Why Time is Speeding Up (And What to Do About It)

The first time my world shrank in a race, I thought something was wrong. Couldn't do math. Couldn't think past the next 20 yards. Turned out it wasn't a warning sign. It was a superpower.

Why Time is Speeding Up (And What to Do About It)

Ironman Arizona, 2005. I was running the back half of the course, feeling good, and then I hit the hill and my world just... shrunk. I couldn't do math. I couldn't think past the next 20 yards. Everything outside that narrow tunnel went dark.

It was terrifying. I thought I was in trouble. But I finished.

By my final Ironman 14 years later, I'd turned it into a strategy. I wasn't trying to get to mile 26.2. I only needed to get to mile 24. Because I knew that by the time I got there, I'd be so locked in that the last two miles would take care of themselves.

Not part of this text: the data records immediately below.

(* Let $(R,\mathfrak{m})$ be a commutative Artinian local ring with identity and $\mathfrak{m}\neq0$. If $f\in R[x]$ is a regular polynomial of degree $n$, then $L(f)\subseteq\{1,2,\dots,n\}$.
   Context: A polynomial is regular if not all of its coefficients lie in $\mathfrak{m}$. A nonunit polynomial is irreducible if in any factorization into two polynomials one factor is a unit of $R[x]$ (a polynomial $a_0+\dots+a_dx^d$ is a unit iff $a_0$ is a unit and $a_i\in\mathfrak{m}$ for $i>0$). A positive integer $k$ is a length of $f$ if $f$ is a product of $k$ irreducible polynomials of $R[x]$; $L(f)$ denotes the set of lengths of $f$. *)

theory Defs
  imports "HOL-Computational_Algebra.Polynomial" "HOL-Computational_Algebra.Factorial_Ring"
begin

definition is_ideal :: "'a::comm_ring_1 set \<Rightarrow> bool" where
  "is_ideal I \<longleftrightarrow> 0 \<in> I \<and> (\<forall>x\<in>I. \<forall>y\<in>I. x + y \<in> I) \<and> (\<forall>x\<in>I. \<forall>r. r * x \<in> I)"

definition maximal_ideal :: "'a::comm_ring_1 set \<Rightarrow> bool" where
  "maximal_ideal M \<longleftrightarrow> is_ideal M \<and> M \<noteq> UNIV \<and>
     (\<forall>J. is_ideal J \<and> M \<subseteq> J \<longrightarrow> J = M \<or> J = UNIV)"

definition local_ring_with :: "'a::comm_ring_1 set \<Rightarrow> bool" where
  "local_ring_with M \<longleftrightarrow> maximal_ideal M \<and> (\<forall>J. maximal_ideal J \<longrightarrow> J = M)"

definition artinian :: "'a::comm_ring_1 itself \<Rightarrow> bool" where
  "artinian _ \<longleftrightarrow> (\<forall>I :: nat \<Rightarrow> 'a set. (\<forall>n. is_ideal (I n)) \<and> (\<forall>n. I (Suc n) \<subseteq> I n)
      \<longrightarrow> (\<exists>N. \<forall>n\<ge>N. I n = I N))"

definition regular_poly :: "'a::comm_ring_1 set \<Rightarrow> 'a poly \<Rightarrow> bool" where
  "regular_poly M f \<longleftrightarrow> (\<exists>i. coeff f i \<notin> M)"

definition lengths :: "'a::comm_ring_1 poly \<Rightarrow> nat set" where
  "lengths f = {k. k > 0 \<and> (\<exists>fs. length fs = k \<and> (\<forall>g\<in>set fs. irreducible g) \<and> prod_list fs = f)}"

end

theory Submission
  imports Defs
begin

text \<open>
  In an Artinian local ring every element of the maximal ideal \<open>M\<close> is nilpotent, so a polynomial
  whose constant term is a unit and whose other coefficients lie in \<open>M\<close> is a unit of \<open>R[x]\<close>.
  Hence an irreducible regular polynomial has positive residual degree, i.e.\ the degree of its image
  in \<open>(R/M)[x]\<close>. Since \<open>M\<close> is prime, the residual degree of a product of regular polynomials
  is at least the sum of the residual degrees of the factors, and all factors of a regular
  polynomial are regular. So a product of \<open>k\<close> irreducibles has residual degree at least \<open>k\<close>,
  and the residual degree never exceeds the degree.
\<close>

lemma ideal_eq_UNIV_if_one: "is_ideal I \<Longrightarrow> 1 \<in> I \<Longrightarrow> I = UNIV"
  unfolding is_ideal_def by (metis UNIV_eq_I mult.right_neutral)

lemma ideal_mult_right: "is_ideal I \<Longrightarrow> a \<in> I \<Longrightarrow> a * r \<in> I"
  unfolding is_ideal_def by (metis mult.commute)

lemma ideal_diff: "is_ideal I \<Longrightarrow> a \<in> I \<Longrightarrow> b \<in> I \<Longrightarrow> a - b \<in> I"
  unfolding is_ideal_def by (metis diff_conv_add_uminus mult_minus1)

lemma ideal_sum: "is_ideal I \<Longrightarrow> (\<And>i. i \<in> S \<Longrightarrow> f i \<in> I) \<Longrightarrow> sum f S \<in> I"
  by (induction S rule: infinite_finite_induct) (simp_all add: is_ideal_def)

lemma is_ideal_multiples: "is_ideal {x * r | r. True}"
  unfolding is_ideal_def
proof (intro conjI ballI allI)
  show "0 \<in> {x * r | r. True}" by (metis (mono_tags) mem_Collect_eq mult_zero_right)
  fix a b assume "a \<in> {x * r | r. True}" "b \<in> {x * r | r. True}"
  then show "a + b \<in> {x * r | r. True}" by (auto simp: distrib_left[symmetric])
next
  fix a s assume "a \<in> {x * r | r. True}"
  then obtain r where "a = x * r" by blast
  then have "s * a = x * (s * r)" by (simp add: mult.left_commute)
  then show "s * a \<in> {x * r | r. True}" by blast
qed

lemma is_ideal_Union_chain:
  assumes "C \<noteq> {}" "chain\<^sub>\<subseteq> C" "\<And>I. I \<in> C \<Longrightarrow> is_ideal I"
  shows "is_ideal (\<Union>C)"
  unfolding is_ideal_def
proof (intro conjI ballI allI)
  show "0 \<in> \<Union>C" using assms(1,3) unfolding is_ideal_def by blast
  fix a r assume "a \<in> \<Union>C"
  then show "r * a \<in> \<Union>C" using assms(3) unfolding is_ideal_def by blast
next
  fix a b assume "a \<in> \<Union>C" "b \<in> \<Union>C"
  then obtain I J where "I \<in> C" "a \<in> I" "J \<in> C" "b \<in> J" by blast
  moreover have "I \<subseteq> J \<or> J \<subseteq> I" using \<open>I \<in> C\<close> \<open>J \<in> C\<close> assms(2) unfolding chain_subset_def by blast
  ultimately show "a + b \<in> \<Union>C" using assms(3) unfolding is_ideal_def by blast
qed

lemma proper_ideal_subset_maximal_ideal:
  assumes "is_ideal I" "1 \<notin> I"
  obtains J where "maximal_ideal J" "I \<subseteq> J"
proof -
  define A where "A = {J. is_ideal J \<and> I \<subseteq> J \<and> 1 \<notin> J}"
  have "\<exists>U\<in>A. \<forall>X\<in>C. X \<subseteq> U" if "C \<in> chains A" for C
  proof (cases "C = {}")
    case True
    have "I \<in> A" using assms unfolding A_def by blast
    with True show ?thesis by blast
  next
    case False
    from that have C: "C \<subseteq> A" "chain\<^sub>\<subseteq> C" unfolding chains_def by auto
    then have "is_ideal (\<Union>C)"
      using False is_ideal_Union_chain[of C] unfolding A_def by blast
    moreover have "I \<subseteq> \<Union>C" "1 \<notin> \<Union>C" using False C(1) unfolding A_def by blast+
    ultimately have "\<Union>C \<in> A" unfolding A_def by blast
    then show ?thesis by blast
  qed
  then obtain J where "J \<in> A" and J_max: "\<forall>X\<in>A. J \<subseteq> X \<longrightarrow> X = J"
    using Zorn_Lemma2[of A] by blast
  have "maximal_ideal J"
    unfolding maximal_ideal_def
  proof (intro conjI allI impI)
    show "is_ideal J" "J \<noteq> UNIV" using \<open>J \<in> A\<close> unfolding A_def by auto
    fix K assume K: "is_ideal K \<and> J \<subseteq> K"
    show "K = J \<or> K = UNIV"
    proof (cases "1 \<in> K")
      case True then show ?thesis using K ideal_eq_UNIV_if_one by blast
    next
      case False then show ?thesis using K \<open>J \<in> A\<close> J_max unfolding A_def by blast
    qed
  qed
  moreover have "I \<subseteq> J" using \<open>J \<in> A\<close> unfolding A_def by blast
  ultimately show thesis by (rule that)
qed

I had taken the thing that had been my weakness and built an entire race plan around it (1st place Age Group and my fastest IM ever if you have to ask).

What changed wasn't my fitness. It was my relationship with focus. Developing this skill athletically has helped me far beyond the finish line.

Trap 1: things take longer now.

Running 10 miles takes more out of me than it did at 35. Recovery costs two days instead of one. Learning something new takes more reps. Making a significant decision? It takes more deliberation...because I've seen more ways things go wrong.

I'm still doing all the same things. But the time cost of each thing has gone up.

And when the things you do take longer, time feels like it's moving faster.

Think about it as a ratio. When you're 10, a single summer is 10% of your entire life. At 50, a summer is 2% of your life. Your brain compresses familiar experiences. That same summer feels like three weeks, not eight!

Add in the accumulation of each activity and you get the sensation of acceleration.

Most people respond by trying to do more. More efficiency. More optimization. More productivity hacks. That's the wrong answer.

Packing more in doesn't slow time down. It speeds it up. Days blur together. Weeks become indistinguishable.

The real problem is deeper. When you're in constant motion, you stop noticing things. The texture of a Tuesday. The quality of a conversation. The feeling of the world around you as you move through it.

Those are the things that make time feel rich. They make your life richer. And they require presence.

Trap 2: thinking in big blocks.

As I've gotten older, I've started thinking in 5 to 10 year arcs. What's wrong with that you say? Longer thinking is often better thinking.

But there's a cost. When you're mentally living in 5-year blocks, the day in front of you It is just a rounding error. It is the smallest possible unit in a much larger plan.

And if every day is interchangeable, they all blur together.

The antidote: shrink the window.

This is what the Ironman run taught me.

You can't think about the finish line when you're 40 miles from it and your legs are starting to go. Zoom out to the full distance and it's demoralizing. You have to focus on the next aid station. The next telephone pole. The next manhole cover.

It's not that the big picture doesn't matter. It's because the big picture is made of a thousand small moments, and the small moments are the only thing you can actually do something about.

I used to think that narrowing was a sign I was struggling. Now I know it's a sign I'm competing.

The framework I'm using now.

At the start of each week, three questions:

  1. What is the one thing I can do this week for my health that I will actually do?
  2. What is the one thing I can do this week for a relationship that matters?
  3. What is the one thing I can do this week that moves my most important work forward?

Not lists. Not goals. One thing each. Specific. Completable this week.

Then I do them.

It doesn't stop time from accelerating. But it changes the experience of it. Instead of watching weeks blur past, you have a handful of moments each week where you were actually there, doing the thing that mattered.

That's my mile 24 strategy applied to life.

You don't have to get to the end to win the game. You have to get to the next thing.

By the time you get there, you'll know what to do next.